Look through the records below for the line with "v \<in> descendants" and the line with "exists and the", then return those lines and all lines between, exactly.

===== Working data

(* Let $[\mathbf{T},\mathbf{o}]$ be a unimodular random rooted Family Tree. Then the distribution of $[\mathbf{T},\mathbf{o}]$ is completely determined by the distribution of the descendant tree $[D(\mathbf{o}),\mathbf{o}]$ of its root.
   Context: A Family Tree is a locally finite directed tree in which every vertex has out-degree at most one (the out-neighbour is the parent). $D(\mathbf{o})$ is the subtree of $\mathbf{o}$ and all vertices having a directed path to $\mathbf{o}$, rooted at $\mathbf{o}$. A random rooted network $[\mathbf{G},\mathbf{o}]$ is unimodular if $\mathbb{E}[\sum_{u\in V(\mathbf{G})}h([\mathbf{G},\mathbf{o},u])]=\mathbb{E}[\sum_{u\in V(\mathbf{G})}h([\mathbf{G},u,\mathbf{o}])]$ for every measurable $h\ge0$ on isomorphism classes of doubly rooted networks. *)

theory Defs
  imports "HOL-Probability.Probability"
begin

text \<open>A (possibly infinite) directed graph with countable vertex set V (a subset of nat)
  and a partial parent map p (out-degree at most one).  Outside V, p is None.\<close>
type_synonym ftree = "nat set \<times> (nat \<Rightarrow> nat option)"

definition adj :: "ftree \<Rightarrow> nat rel" where
  "adj T = {(u,v). u \<in> fst T \<and> v \<in> fst T \<and> (snd T u = Some v \<or> snd T v = Some u)}"

text \<open>Tree = underlying undirected multigraph connected and without cycles
  (no loops, no 2-cycles, no simple cycles of length at least 3).\<close>
definition family_tree :: "ftree \<Rightarrow> bool" where
  "family_tree T \<longleftrightarrow>
     (\<forall>v. snd T v \<noteq> None \<longrightarrow> v \<in> fst T \<and> the (snd T v) \<in> fst T)
   \<and> (\<forall>v. snd T v \<noteq> Some v)
   \<and> (\<forall>u v. \<not> (snd T u = Some v \<and> snd T v = Some u))
   \<and> (\<forall>u\<in>fst T. finite {w. snd T w = Some u})
   \<and> (\<forall>u\<in>fst T. \<forall>v\<in>fst T. (u,v) \<in> (adj T)\<^sup>*)
   \<and> \<not> (\<exists>cs. 3 \<le> length cs \<and> distinct cs \<and> set cs \<subseteq> fst T \<and>
           (\<forall>i<length cs. (cs!i, cs!((i+1) mod length cs)) \<in> adj T))"

definition RFT :: "(ftree \<times> nat) set" where
  "RFT = {(T,rt). family_tree T \<and> rt \<in> fst T}"

definition DRFT :: "(ftree \<times> nat \<times> nat) set" where
  "DRFT = {(T,rt,v). (T,rt) \<in> RFT \<and> v \<in> fst T}"

definition ball_set :: "ftree \<Rightarrow> nat \<Rightarrow> nat \<Rightarrow> nat set" where
  "ball_set T rt r = {v. \<exists>k\<le>r. (rt,v) \<in> (adj T) ^^ k}"

definition restr :: "ftree \<Rightarrow> nat set \<Rightarrow> ftree" where
  "restr T B = (B \<inter> fst T,
     \<lambda>v. if v \<in> B \<and> (case snd T v of Some w \<Rightarrow> w \<in> B | None \<Rightarrow> False) then snd T v else None)"

definition ft_iso :: "ftree \<Rightarrow> ftree \<Rightarrow> (nat \<Rightarrow> nat) \<Rightarrow> bool" where
  "ft_iso T T' f \<longleftrightarrow> bij_betw f (fst T) (fst T') \<and>
     (\<forall>v\<in>fst T. snd T' (f v) = map_option f (snd T v))"

definition rooted_iso :: "ftree \<times> nat \<Rightarrow> ftree \<times> nat \<Rightarrow> bool" where
  "rooted_iso G H \<longleftrightarrow> (\<exists>f. ft_iso (fst G) (fst H) f \<and> f (snd G) = snd H)"

definition doubly_iso :: "ftree \<times> nat \<times> nat \<Rightarrow> ftree \<times> nat \<times> nat \<Rightarrow> bool" where
  "doubly_iso G H \<longleftrightarrow> (\<exists>f. ft_iso (fst G) (fst H) f \<and>
      f (fst (snd G)) = fst (snd H) \<and> f (snd (snd G)) = snd (snd H))"

text \<open>Measurable space of rooted Family Trees; the sigma-algebra is the Borel
  sigma-algebra of the local topology, generated by the events
  "the r-ball around the root is isomorphic to H".  All its sets are
  isomorphism-invariant, so it is the space of isomorphism classes.\<close>
definition rooted_space :: "(ftree \<times> nat) measure" where
  "rooted_space = sigma RFT
     {{G \<in> RFT. rooted_iso (restr (fst G) (ball_set (fst G) (snd G) r), snd G) H} | r H. True}"

definition doubly_space :: "(ftree \<times> nat \<times> nat) measure" where
  "doubly_space = sigma DRFT
     {{(T,rt,v) \<in> DRFT. v \<in> ball_set T rt r \<and>
          doubly_iso (restr T (ball_set T rt r), rt, v) H} | r H. True}"

definition unimodular :: "(ftree \<times> nat) measure \<Rightarrow> bool" where
  "unimodular M \<longleftrightarrow>
    (\<forall>h :: ftree \<times> nat \<times> nat \<Rightarrow> ennreal. h \<in> borel_measurable doubly_space \<longrightarrow>
       (\<integral>\<^sup>+ G. (\<integral>\<^sup>+ u. h (fst G, snd G, u) \<partial>count_space (fst (fst G))) \<partial>M)
     = (\<integral>\<^sup>+ G. (\<integral>\<^sup>+ u. h (fst G, u, snd G) \<partial>count_space (fst (fst G))) \<partial>M))"

definition descendants :: "ftree \<Rightarrow> nat \<Rightarrow> nat set" where
  "descendants T rt = {v. (v,rt) \<in> {(a,b). snd T a = Some b}\<^sup>*}"

definition desc_tree :: "ftree \<times> nat \<Rightarrow> ftree \<times> nat" where
  "desc_tree G = ((descendants (fst G) (snd G),
      \<lambda>v. if v \<in> descendants (fst G) (snd G) \<and> v \<noteq> snd G then snd (fst G) v else None),
      snd G)"

end

theory Submission
  imports Defs
begin

text \<open>
  By uniqueness of measures it suffices to compare the two laws on the cylinder events
  ``the r-ball around the root is isomorphic to K''. If the root of K has an r-th ancestor a
  inside K, this ball coincides with the r-ball around the root in D(a). Otherwise K contains
  the top vertex t of the tree, j < r generations above the root, and D(t) is the whole tree.
  Either way the cylinder is a difference of nested events ``the m-th ancestor of the root
  exists and the r-ball around the root in D(a), a its j-th ancestor, is isomorphic to K''
  with j \<le> m. Sending unit mass from each vertex with this property to its m-th ancestor,
  the mass transport principle equates the probability of such an event with the expected
  number of vertices with this property having o as m-th ancestor. Since j \<le> m, these lie in
  D(o) and the property can be read off in D(o), so the expectation depends only on the law
  of D(o).
\<close>

section \<open>Parent maps and ancestors\<close>

definition parent_closed :: "ftree \<Rightarrow> bool" where
  "parent_closed T \<longleftrightarrow> (\<forall>v w. snd T v = Some w \<longrightarrow> v \<in> fst T \<and> w \<in> fst T)"

definition parent_rel :: "ftree \<Rightarrow> nat rel" where
  "parent_rel T = {(v,w). snd T v = Some w}"

fun ancestor :: "ftree \<Rightarrow> nat \<Rightarrow> nat \<Rightarrow> nat option" where
  "ancestor T 0 v = Some v"
| "ancestor T (Suc k) v = (case snd T v of None \<Rightarrow> None | Some w \<Rightarrow> ancestor T k w)"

==========

Task answer:
      \<lambda>v. if v \<in> descendants (fst G) (snd G) \<and> v \<noteq> snd G then snd (fst G) v else None),
      snd G)"

end

theory Submission
  imports Defs
begin

text \<open>
  By uniqueness of measures it suffices to compare the two laws on the cylinder events
  ``the r-ball around the root is isomorphic to K''. If the root of K has an r-th ancestor a
  inside K, this ball coincides with the r-ball around the root in D(a). Otherwise K contains
  the top vertex t of the tree, j < r generations above the root, and D(t) is the whole tree.
  Either way the cylinder is a difference of nested events ``the m-th ancestor of the root
  exists and the r-ball around the root in D(a), a its j-th ancestor, is isomorphic to K''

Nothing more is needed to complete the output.